Daniel Mayfield scarcely heard this remark about the cave. The fears, or indeed the certainties, of these people could scarcely be darker than his own. He told himself that he should never look upon his nephew’s living face again.

“Dead I may see him--the dear, bright face beaten and bruised against those hellish cliffs; but living, never more; oh, never more! my more than son--my pride--my hope--my love!”

And then he remembered how he had hoped to hold his nephew’s children in his arms. He had almost felt the soft, clinging hands upon his neck.

“I was created to end my days as old Uncle Dan,” he had said to himself.

Now the day-dream was gone. This brighter life, in which he had found it so easy to renew his own youth, was broken off untimely--this dear companionship, which had made him a boy, was taken from him. Down to dusty death he must tramp alone, between a lane of printer’s devils clamorous for copy, and insatiable editors for ever demanding that each denunciatory leader, or scathing review, or Juvenalistic onslaught on the social vices of his day, should be racier and more trenchant than the last.

His nephew taken from him, there remained to Daniel nothing but tavern friends, and the dull round of daily labour, and old age, cheerless, lonely, creeping towards him apace, athwart the dust and turmoil of his life.

While Daniel walked, purposeless, on the dreary road, or stood listless, and hopeless, on the quiet jetty, Harold Jerningham sat alone in his own apartment, and pondered on the events that had befallen him.

A son, found and lost--found only in the very hour of his loss. What chastisement of offended God--or blind, unconscious destiny, gigantic Nemesis, with mighty, brazen arms, revolving, machine-like, on its pivot, striking at random into space, and striking _sometimes_ strangely to the purpose--what chastisement could have seemed more fitting than this?

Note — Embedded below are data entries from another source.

lemma lattice_in_tail_space:
  assumes "s \<le> DIM('a)"
  shows "lattice_in (tail_space s) (L \<inter> tail_space s)"
  unfolding lattice_in_def lattice_of_rank_def
proof (intro conjI exI[of _ "basis_vec ` {s..<DIM('a)}"])
  have inj: "inj_on basis_vec {s..<DIM('a)}"
    using indep_seq_inj_on[OF indep_seq_basis_vec] by (rule inj_on_subset) auto
  show "independent (basis_vec ` {s..<DIM('a)})" "card (basis_vec ` {s..<DIM('a)}) = dim (tail_space s)"
    using indep_seq_independent_image[OF indep_seq_basis_vec atLeastLessThan_subset_lessThan]
    by (simp_all add: dim_tail_space)
  show "L \<inter> tail_space s = {\<Sum>b\<in>basis_vec ` {s..<DIM('a)}. of_int (c b) *\<^sub>R b | c. True}"
    unfolding lattice_Int_tail_space[OF assms]
  proof (intro set_eqI iffI)
    fix x assume "x \<in> {\<Sum>i\<in>{s..<DIM('a)}. of_int (m i) *\<^sub>R basis_vec i | m. True}"
    then obtain m where "x = (\<Sum>i\<in>{s..<DIM('a)}. of_int (m i) *\<^sub>R basis_vec i)" by blast
    also have "\<dots> = (\<Sum>b\<in>basis_vec ` {s..<DIM('a)}. of_int ((\<lambda>b. m (inv_into {s..<DIM('a)} basis_vec b)) b) *\<^sub>R b)"
      using inj by (simp add: sum.reindex inv_into_f_f)
    finally show "x \<in> {\<Sum>b\<in>basis_vec ` {s..<DIM('a)}. of_int (c b) *\<^sub>R b | c. True}"
      by (rule int_combinationI)
  next
    fix x assume "x \<in> {\<Sum>b\<in>basis_vec ` {s..<DIM('a)}. of_int (c b) *\<^sub>R b | c. True}"
    then obtain c where "x = (\<Sum>b\<in>basis_vec ` {s..<DIM('a)}. of_int (c b) *\<^sub>R b)" by blast
    then have "x = (\<Sum>i\<in>{s..<DIM('a)}. of_int (c (basis_vec i)) *\<^sub>R basis_vec i)"
      using inj by (simp add: sum.reindex)
    then show "x \<in> {\<Sum>i\<in>{s..<DIM('a)}. of_int (m i) *\<^sub>R basis_vec i | m. True}"
      by (intro CollectI exI[of _ "\<lambda>i. c (basis_vec i)"]) simp
  qed
qed auto

lemma proj_lattice_cball_subset:
  assumes s: "s \<le> DIM('a)" and r: "real DIM('a) * real DIM('a) * coeff_const DIM('a) \<le> r"
  shows "proj_along (tail_space s) (basis_vec ` {..<s}) ` (L \<inter> cball 0 1) \<subseteq> L \<inter> tail_space s \<inter> cball 0 r"
proof
  fix z assume "z \<in> proj_along (tail_space s) (basis_vec ` {..<s}) ` (L \<inter> cball 0 1)"
  then obtain x where x: "x \<in> L" "norm x \<le> 1" "z = proj_along (tail_space s) (basis_vec ` {..<s}) x"
    by auto
  obtain m where m: "x = (\<Sum>i<DIM('a). of_int (m i) *\<^sub>R basis_vec i)"
    using x(1) lattice_eq_int_combination_basis_vec by blast
  have z: "z = (\<Sum>i\<in>{s..<DIM('a)}. of_int (m i) *\<^sub>R basis_vec i)"
    using x(3) proj_along_tail_space[OF s] m by simp
  have "norm z \<le> (\<Sum>i\<in>{s..<DIM('a)}. \<bar>of_int (m i)\<bar> * norm (basis_vec i))"
    unfolding z by (rule order_trans[OF norm_sum]) simp
  also have "\<dots> \<le> (\<Sum>i\<in>{s..<DIM('a)}. real DIM('a) * coeff_const DIM('a))"
  proof (rule sum_mono)
    fix i assume i: "i \<in> {s..<DIM('a)}"
    have "\<bar>of_int (m i)\<bar> * norm (basis_vec i) \<le> real DIM('a) * coeff_const DIM('a) * norm x"
      using int_coeff_term_le[of i "\<lambda>i. of_int (m i)"] i m by simp
    also have "\<dots> \<le> real DIM('a) * coeff_const DIM('a)"
      using x(2) coeff_const_pos[of "DIM('a)"] by (simp add: mult_left_le)
    finally show "\<bar>of_int (m i)\<bar> * norm (basis_vec i) \<le> real DIM('a) * coeff_const DIM('a)" .
  qed
  also have "\<dots> \<le> real DIM('a) * (real DIM('a) * coeff_const DIM('a))"
    using coeff_const_pos[of "DIM('a)"] by (simp add: mult_right_mono)
  finally have "norm z \<le> r" using r by (simp add: mult.assoc)
  then show "z \<in> L \<inter> tail_space s \<inter> cball 0 r"
    using z lattice_Int_tail_space[OF s] by auto
qed

lemma span_v_Int_tail_space_subset:
  assumes "s \<le> j" "j \<le> DIM('a)"
  shows "span (v ` {..<j}) \<inter> tail_space s \<subseteq> span (basis_vec ` {s..<j})"
proof
  fix x assume x: "x \<in> span (v ` {..<j}) \<inter> tail_space s"
  then obtain c where c: "x = (\<Sum>i<j. c i *\<^sub>R basis_vec i)"
    using span_basis_vec_eq[OF assms(2)] in_span_image_lessThan_iff by (metis IntD1)
  have "c k = 0" if "k < s" for k
    using coeff_eq_0_if_in_tail_space[of "{..<j}" c s k] x c assms that by auto
  then have "x = (\<Sum>i\<in>{s..<j}. c i *\<^sub>R basis_vec i)"
    unfolding c sum_lessThan_split[OF assms(1)] by simp
  moreover have "(\<Sum>i\<in>{s..<j}. c i *\<^sub>R basis_vec i) \<in> span (basis_vec ` {s..<j})"
    by (intro span_sum span_scale span_base) auto
  ultimately show "x \<in> span (basis_vec ` {s..<j})" by simp
qed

“I would have bartered half my fortune, or twenty years of my life, for a son,” he said to himself. “How often I have envied the field-labourer his troop of rosy brats--the gipsy tramp her brown-faced baby! Fate put a barren sceptre in my hand. If my wife had given me a son, I think I should have loved her. And I had a son all the time--a son whom I might have legitimated, since his mother lived as my acknowledged wife on this Scottish ground. Yes, I would have set the lawyers to work, and we would have made him heir of Greenlands, and Ripley, and Pendarvoch. I would have given him the girl who loves him--whom I have loved. It would be no shame to resign her to my son--my younger, better self. And we met--that unknown son and I--and we held scornfully aloof from each other, with instinctive dislike. Dislike? It was dislike which needed but a word to melt into love. In a stranger, this reflection of my youth was an impertinence--a plagiarism. In my son it must be the strongest claim upon my love. My son! It needs not the agreement of dates to confirm his kindred. His paternity is written upon his face.”

And then to Mr. Jerningham also there came the thought that had come to Daniel Mayfield. That face in life he was never more to see. Should he even look upon it in death--changed, disfigured by the fierce destruction of the waves. Even to see it thus was almost too much to hope. To reclaim the dead, so lost, would be well nigh as impossible as it had been to save the living.